Recientemente, en la Bienal de 2022 de Venecia, su 59ª edición, el artista Uffe Isolotto, cuyos temas han sido el cuerpo, el yo y la tecnología, presentó la sorprendente instalación We walked the Earth (https://www.youtube.com/watch?v=18BYhOAh7CQ&ab_channel=ArtLike). En ella, dentro de un ambiente hiperrrealista, nos introducimos en un granero que nos evoca una idílica vida agrícola, pero con notas de ciencia ficción. Lo que nos deja estupefactos al entrar en ella es la presencia de dos figuras transhumanas, concretamente una mujer centauro, que aparece muerta mientras daba a luz, y un hombre centauro, seguramente su pareja, que aparece en el otro extremo y ahorcado. En esta instalación se mezclan vida y muerte, lo mitológico y la ciencia ficción, el pasado y el futuro, lo humano y lo animal. En el fondo, representa nuestro complejo, incierto y confuso mundo presente. El teriomorfismo que encontramos en la obra de Isolotto, es decir, la trasformación parcial de humanos en animal -¿o de animales en humanos?-, se refiere al hecho de cómo alteramos la naturaleza en general, incluida la humana, y las consecuencias catastróficas que produce esta manipulación. La obra nos advierte del ecocidio que estamos perpetrando y del sombrío futuro que nos espera si lo mantenemos.

 

Estas obras denuncian nuestra violenta actitud de dominio indiferente y desprecio de lo no humano -y de lo humano. A pesar de la explotación a que hemos sometido a los animales, éstos nos acompañan como alteridad. Frente a la voluntad de poder, el arte animalista sugiere un nexo más empático y fraternal con los animales. Esto es lo que propone la estética ecoanimal de Marta Tafalla que aquí asumimos, “respeto por la diferencia que caracteriza a la misma biodiversidad” (Moyano 2022: 252). En vez de postergar y olvidar al otro, el respeto por la diferencia es lo único que nos permite empatizar con la alteridad (animal). A pesar de representar el horror del ecocidio, el arte animalista pretende capacitarnos para sentir la belleza de lo otro. Esta educación estética de nuestra sensibilidad para la alteridad animal nos ayuda a ser humanos.

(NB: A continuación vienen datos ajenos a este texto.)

(* Let $n\ge1$ be an integer. There exists a constant $c_1=c_1(n)>0$ such that for all pairwise distinct points $z_1,z_2,z_3\in\mathbb{R}^2$, $$p_1(z_1,z_2,z_3)+p_2(z_1,z_2,z_3)\ge c_1\,c(z_1,z_2,z_3)^2.$$
   Context: For $i=1,2$ and $x\in\mathbb{R}^2\setminus\{0\}$, $K_i(x)=x_i^{2n-1}/|x|^{2n}$, and $p_i(z_1,z_2,z_3)=K_i(z_1-z_2)K_i(z_1-z_3)+K_i(z_2-z_1)K_i(z_2-z_3)+K_i(z_3-z_1)K_i(z_3-z_2)$. The Menger curvature $c(z_1,z_2,z_3)$ is the inverse of the radius of the circle through $z_1,z_2,z_3$ (equal to $0$ if the points are collinear). *)

theory Defs
  imports "HOL-Analysis.Analysis"
begin

definition Kern :: "nat \<Rightarrow> 2 \<Rightarrow> real^2 \<Rightarrow> real" where
  "Kern n i x = (x $ i) ^ (2*n - 1) / (norm x) ^ (2*n)"

definition pK :: "nat \<Rightarrow> 2 \<Rightarrow> real^2 \<Rightarrow> real^2 \<Rightarrow> real^2 \<Rightarrow> real" where
  "pK n i z1 z2 z3 =
     Kern n i (z1 - z2) * Kern n i (z1 - z3)
   + Kern n i (z2 - z1) * Kern n i (z2 - z3)
   + Kern n i (z3 - z1) * Kern n i (z3 - z2)"

definition menger_curv :: "real^2 \<Rightarrow> real^2 \<Rightarrow> real^2 \<Rightarrow> real" where
  "menger_curv z1 z2 z3 =
     (if collinear {z1, z2, z3} then 0
      else 1 / (THE r. \<exists>w. dist w z1 = r \<and> dist w z2 = r \<and> dist w z3 = r))"

end

theory Submission
  imports Defs
begin

text \<open>Write \<open>u = z1 - z2\<close>, \<open>v = z2 - z3\<close>, \<open>w = z3 - z1\<close>, so \<open>u + v + w = 0\<close>. Since \<open>K_i\<close> is odd,
  \<open>p_i = - (K_i u K_i v + K_i v K_i w + K_i w K_i u)\<close>, which is invariant under permutations of
  \<open>u, v, w\<close> and under \<open>u, v, w \<mapsto> -u, -v, -w\<close>. Two of the three \<open>i\<close>-th components have the
  same sign, so we may assume \<open>u_i, v_i \<ge> 0\<close> and \<open>v_i / |v| \<le> u_i / |u|\<close>. With \<open>m = 2n - 1\<close> and
  \<open>y1 = u_i / |u|\<close>, \<open>y2 = v_i / |v|\<close>, \<open>t = - w_i / |w|\<close> one has \<open>|w| t = |u| y1 + |v| y2\<close>, and
  \<open>|u| |v| |w| p_i = t^m (|v| y1^m + |u| y2^m) - |w| y1^m y2^m\<close>. Factoring \<open>t^(m+1) - y^(m+1)\<close> and
  using the triangle inequality shows that this is nonnegative, and bounded below by
  \<open>(|u| + |v| - |w|) y2^m t^(m+1) + |v| (t - y2) t^m (y1^m - y2^m)\<close>.

  If some side has an \<open>i\<close>-th component of at least half the longest side, then \<open>t \<ge> 1/2\<close> and
  \<open>y1 \<ge> 1/4\<close>, and the lower bound is at least a multiple of \<open>\<Delta>\<^sup>2 / (|u| |v| |w|)\<close>, where
  \<open>\<Delta> = u_1 v_2 - u_2 v_1\<close>, because \<open>\<Delta>\<^sup>2 \<le> (|u| + |v| - |w|) (|u| + |v| + |w|) |u| |v|\<close> and
  \<open>\<Delta>\<^sup>2 \<le> |u| |v|\<^sup>2 |w|\<close>. As the circumradius is \<open>|u| |v| |w| / (2 |\<Delta>|)\<close>, this gives
  \<open>p_i \<ge> c(z1, z2, z3)\<^sup>2 / (24 \<cdot> 16^m)\<close>; for \<open>i = 1\<close> or \<open>i = 2\<close> such a long component exists, and the
  other \<open>p_i\<close> is nonnegative.\<close>

lemma sum3_eq_0_imp_eq_neg: "u + v + w = 0 \<Longrightarrow> w = - (u + v)" for u v w :: "'a::ab_group_add"
  by (simp add: add_eq_0_iff2 add.commute)

definition cross2 :: "real^2 \<Rightarrow> real^2 \<Rightarrow> real" where
  "cross2 a b = a$1 * b$2 - a$2 * b$1"

lemma inner_vec2: "a \<bullet> b = a$1 * b$1 + a$2 * b$2" for a b :: "real^2"
  by (simp add: inner_vec_def sum_2)

lemma power2_norm_vec2: "(norm x)\<^sup>2 = (x$1)\<^sup>2 + (x$2)\<^sup>2" for x :: "real^2"
  by (simp add: norm_vec_def L2_set_def sum_2)

lemma cross2_minus: "cross2 (-a) (-b) = cross2 a b"
  by (simp add: cross2_def)

lemma cross2_sq_add_inner_sq: "(cross2 a b)\<^sup>2 + (a \<bullet> b)\<^sup>2 = (norm a * norm b)\<^sup>2"
  unfolding power_mult_distrib power2_norm_vec2
  by (simp add: cross2_def inner_vec2 power2_eq_square algebra_simps)

lemma abs_cross2_le: "\<bar>cross2 a b\<bar> \<le> norm a * norm b"
proof (rule power2_le_imp_le)
  show "\<bar>cross2 a b\<bar>\<^sup>2 \<le> (norm a * norm b)\<^sup>2"
    using cross2_sq_add_inner_sq[of a b] zero_le_power2[of "a \<bullet> b"] by (simp only: power2_abs)
qed simp

lemma cross2_sq_le:
  "(cross2 a b)\<^sup>2 \<le> (norm a + norm b - norm (a + b)) * (norm a + norm b + norm (a + b)) * norm a * norm b"
proof -
  define p where "p = a \<bullet> b"
  have "(norm a + norm b - norm (a + b)) * (norm a + norm b + norm (a + b)) = 2 * (norm a * norm b - p)"
    by (simp add: p_def algebra_simps power2_eq_square[symmetric] power2_norm_eq_inner inner_add
        inner_commute)
  moreover have "(cross2 a b)\<^sup>2 = (norm a * norm b - p) * (norm a * norm b + p)"
    using cross2_sq_add_inner_sq[of a b] by (simp add: p_def algebra_simps power2_eq_square)
  moreover have "(norm a * norm b - p) * (norm a * norm b + p) \<le> (norm a * norm b - p) * (2 * (norm a * norm b))"
    using Cauchy_Schwarz_ineq2[of a b] by (intro mult_left_mono) (auto simp: p_def)
  ultimately show ?thesis by (simp add: mult_ac)
qed

lemma triangle_cross2_sq_le:
  assumes "u + v + w = 0"
  shows "(cross2 u v)\<^sup>2 \<le> (norm u + norm v - norm w) * (norm u + norm v + norm w) * norm u * norm v"
    and "(cross2 u v)\<^sup>2 \<le> norm u * norm v * (norm v * norm w)"
proof -
  have w: "w = - (u + v)"
    using sum3_eq_0_imp_eq_neg[OF assms] .
  then have "norm w = norm (u + v)"
    by (simp only: norm_minus_cancel)
  then show "(cross2 u v)\<^sup>2 \<le> (norm u + norm v - norm w) * (norm u + norm v + norm w) * norm u * norm v"
    using cross2_sq_le[of u v] by simp
  have "cross2 v w = cross2 u v"
    by (simp add: w cross2_def algebra_simps)
  then have "\<bar>cross2 u v\<bar> * \<bar>cross2 u v\<bar> \<le> norm u * norm v * (norm v * norm w)"
    using abs_cross2_le[of u v] abs_cross2_le[of v w] by (intro mult_mono) auto
  then show "(cross2 u v)\<^sup>2 \<le> norm u * norm v * (norm v * norm w)"
    by (simp add: power2_eq_square)
qed

lemma cross2_eq_0_iff_collinear: "cross2 a b = 0 \<longleftrightarrow> collinear {0, a, b}"
proof -
  have "cross2 a b = 0 \<longleftrightarrow> (a \<bullet> b)\<^sup>2 = (norm a * norm b)\<^sup>2"
    using cross2_sq_add_inner_sq[of a b] by auto
  also have "\<dots> \<longleftrightarrow> \<bar>a \<bullet> b\<bar>\<^sup>2 = (norm a * norm b)\<^sup>2"
    by simp
  also have "\<dots> \<longleftrightarrow> \<bar>a \<bullet> b\<bar> = norm a * norm b"
    by (intro power2_eq_iff_nonneg) simp_all
  finally show ?thesis by (simp add: norm_cauchy_schwarz_equal)
qed

lemma exists_component_ge_half_norm: "\<exists>i. norm x \<le> 2 * \<bar>x$i\<bar>" for x :: "real^2"
proof (rule ccontr)
  assume "\<not> ?thesis"
  then have "2 * \<bar>x$1\<bar> < norm x" "2 * \<bar>x$2\<bar> < norm x"
    by (meson not_le)+
  then have "(2 * \<bar>x$1\<bar>)\<^sup>2 < (norm x)\<^sup>2" "(2 * \<bar>x$2\<bar>)\<^sup>2 < (norm x)\<^sup>2"
    by (intro power_strict_mono; simp)+
  then have "4 * (x$1)\<^sup>2 < (norm x)\<^sup>2" "4 * (x$2)\<^sup>2 < (norm x)\<^sup>2"
    by (simp_all add: power_mult_distrib)
  then show False using power2_norm_vec2[of x] zero_le_power2[of "norm x"] by linarith
qed

lemma dist_eq_iff_inner_eq:
  fixes q a b :: "'a::real_inner"
  shows "dist q b = dist q a \<longleftrightarrow> 2 * ((q - a) \<bullet> (b - a)) = (norm (b - a))\<^sup>2"
proof -
  have "dist q b = dist q a \<longleftrightarrow> (norm ((q - a) - (b - a)))\<^sup>2 = (norm (q - a))\<^sup>2"
    by (simp add: dist_norm power2_eq_iff_nonneg)
  then show ?thesis
    by (auto simp: power2_norm_eq_inner inner_diff inner_commute algebra_simps)
qed

text \<open>By \<open>dist_eq_iff_inner_eq\<close>, the two equations say that \<open>p\<close> is equidistant from \<open>0\<close>, \<open>b\<close>
  and \<open>c\<close>; solving them by Cramer's rule gives the circumradius.\<close>

lemma circumradius_sq:
  fixes p b c :: "real^2"
  assumes "2 * (p \<bullet> b) = (norm b)\<^sup>2" "2 * (p \<bullet> c) = (norm c)\<^sup>2"
  shows "(norm p * (2 * cross2 b c))\<^sup>2 = (norm b * norm c * norm (b - c))\<^sup>2"
proof -
  define B C where "B = (norm b)\<^sup>2" and "C = (norm c)\<^sup>2"
  have p1: "p$1 * (2 * cross2 b c) = c$2 * B - b$2 * C"
    and p2: "p$2 * (2 * cross2 b c) = b$1 * C - c$1 * B"
    unfolding B_def C_def assms[symmetric] by (simp_all add: inner_vec2 cross2_def algebra_simps)
  have "(norm p * (2 * cross2 b c))\<^sup>2 = (p$1 * (2 * cross2 b c))\<^sup>2 + (p$2 * (2 * cross2 b c))\<^sup>2"
    by (simp add: power_mult_distrib power2_norm_vec2 algebra_simps)
  also have "\<dots> = (c$2 * B - b$2 * C)\<^sup>2 + (b$1 * C - c$1 * B)\<^sup>2"
    by (simp only: p1 p2)
  also have "\<dots> = B * C * (norm (b - c))\<^sup>2"
    unfolding B_def C_def power2_norm_vec2 by (simp add: power2_eq_square algebra_simps)
  finally show ?thesis by (simp add: B_def C_def power_mult_distrib)
qed

lemma circumcenter_exists:
  fixes b c :: "real^2"
  assumes "cross2 b c \<noteq> 0"
  shows "\<exists>p. 2 * (p \<bullet> b) = (norm b)\<^sup>2 \<and> 2 * (p \<bullet> c) = (norm c)\<^sup>2"
proof -
  define B C where "B = (norm b)\<^sup>2" and "C = (norm c)\<^sup>2"
  define q :: "real^2" where "q = vector [c$2 * B - b$2 * C, b$1 * C - c$1 * B]"
  have "q \<bullet> b = B * cross2 b c" "q \<bullet> c = C * cross2 b c"
    by (simp_all add: q_def inner_vec2 cross2_def algebra_simps)
  then have "2 * ((q /\<^sub>R (2 * cross2 b c)) \<bullet> b) = B \<and> 2 * ((q /\<^sub>R (2 * cross2 b c)) \<bullet> c) = C"
    using assms by simp
  then show ?thesis unfolding B_def C_def ..
qed

lemma menger_curv_eq:
  assumes "\<not> collinear {z1, z2, z3}"
  shows "menger_curv z1 z2 z3
    = 2 * \<bar>cross2 (z1 - z2) (z2 - z3)\<bar> / (norm (z1 - z2) * norm (z2 - z3) * norm (z3 - z1))"
proof -
  define b c where "b = z2 - z1" and "c = z3 - z1"
  have cross_eq: "cross2 b c = cross2 (z1 - z2) (z2 - z3)"
    by (simp add: b_def c_def cross2_def algebra_simps)
  have "\<not> collinear {0, b, c}"
    using assms collinear_3[of z2 z1 z3] by (simp add: b_def c_def insert_commute)
  then have cross: "cross2 b c \<noteq> 0"
    by (simp add: cross2_eq_0_iff_collinear)
  define R where "R = norm b * norm c * norm (b - c) / (2 * \<bar>cross2 b c\<bar>)"
  have equidistant_iff: "dist q z2 = dist q z1 \<and> dist q z3 = dist q z1 \<longleftrightarrow>
      2 * ((q - z1) \<bullet> b) = (norm b)\<^sup>2 \<and> 2 * ((q - z1) \<bullet> c) = (norm c)\<^sup>2" for q
    by (simp add: b_def c_def dist_eq_iff_inner_eq)
  have radius: "r = R" if "dist q z1 = r" "dist q z2 = r" "dist q z3 = r" for q r
  proof -
    have "(norm (q - z1) * (2 * cross2 b c))\<^sup>2 = (norm b * norm c * norm (b - c))\<^sup>2"
      using that equidistant_iff[of q] by (intro circumradius_sq) auto
    then have "(r * (2 * \<bar>cross2 b c\<bar>))\<^sup>2 = (norm b * norm c * norm (b - c))\<^sup>2"
      using that(1) by (simp add: dist_norm power_mult_distrib)
    moreover have "0 \<le> r"
      using that(1) by auto
    ultimately have "r * (2 * \<bar>cross2 b c\<bar>) = norm b * norm c * norm (b - c)"
      by (subst (asm) power2_eq_iff_nonneg) auto
    then show ?thesis
      using cross by (simp add: R_def field_simps)
  qed
  obtain p where "2 * (p \<bullet> b) = (norm b)\<^sup>2" "2 * (p \<bullet> c) = (norm c)\<^sup>2"
    using circumcenter_exists[OF cross] by blast
  then have "dist (z1 + p) z2 = dist (z1 + p) z1 \<and> dist (z1 + p) z3 = dist (z1 + p) z1"
    using equidistant_iff[of "z1 + p"] by simp
  then have "\<exists>q. dist q z1 = R \<and> dist q z2 = R \<and> dist q z3 = R"
    using radius by metis
  then have "(THE r. \<exists>q. dist q z1 = r \<and> dist q z2 = r \<and> dist q z3 = r) = R"
    using radius by (intro the_equality) auto
  moreover have "norm b = norm (z1 - z2)" "norm c = norm (z3 - z1)" "norm (b - c) = norm (z2 - z3)"
    by (simp_all add: b_def c_def norm_minus_commute)
  ultimately show ?thesis
    using assms by (simp add: menger_curv_def R_def cross_eq mult_ac)
qed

                                                                                             

 

Conclusión

Podemos hallar el espíritu que alienta este escrito en torno a la alteridad y la empatía en un texto de Mark Rothko (2007: 83): “Prefiero ser despilfarrador a tacaño, por lo que preferiría dar atributos antropomorfos a una piedra que deshumanizar la más remota posibilidad de conciencia”. Si los ‘otros’ que no se creían otros hubiesen abierto empáticamente la mente y el corazón, no solo Samsa y Frankenstein hubiesen dejado de ser ‘otros’ y se hubiesen salvado. Ellos mismos se habrían salvado. La dilatación cordial de la mente nos permite empatizar con cualquier forma de alteridad, hasta valorar y admirar lo más extraño, lo más distante de lo humano. No se trata de empatizar identificándonos con lo que no es como nosotros, sino de hacerlo con la alteridad (animal) sin que deje de ser la alteridad que es. Se trata de empatizar con la alteridad afirmándola, salvándola, sin disolverla. La afirmación artística de la otredad nos ofrece la posibilidad de salvar cordialmente la alteridad animal.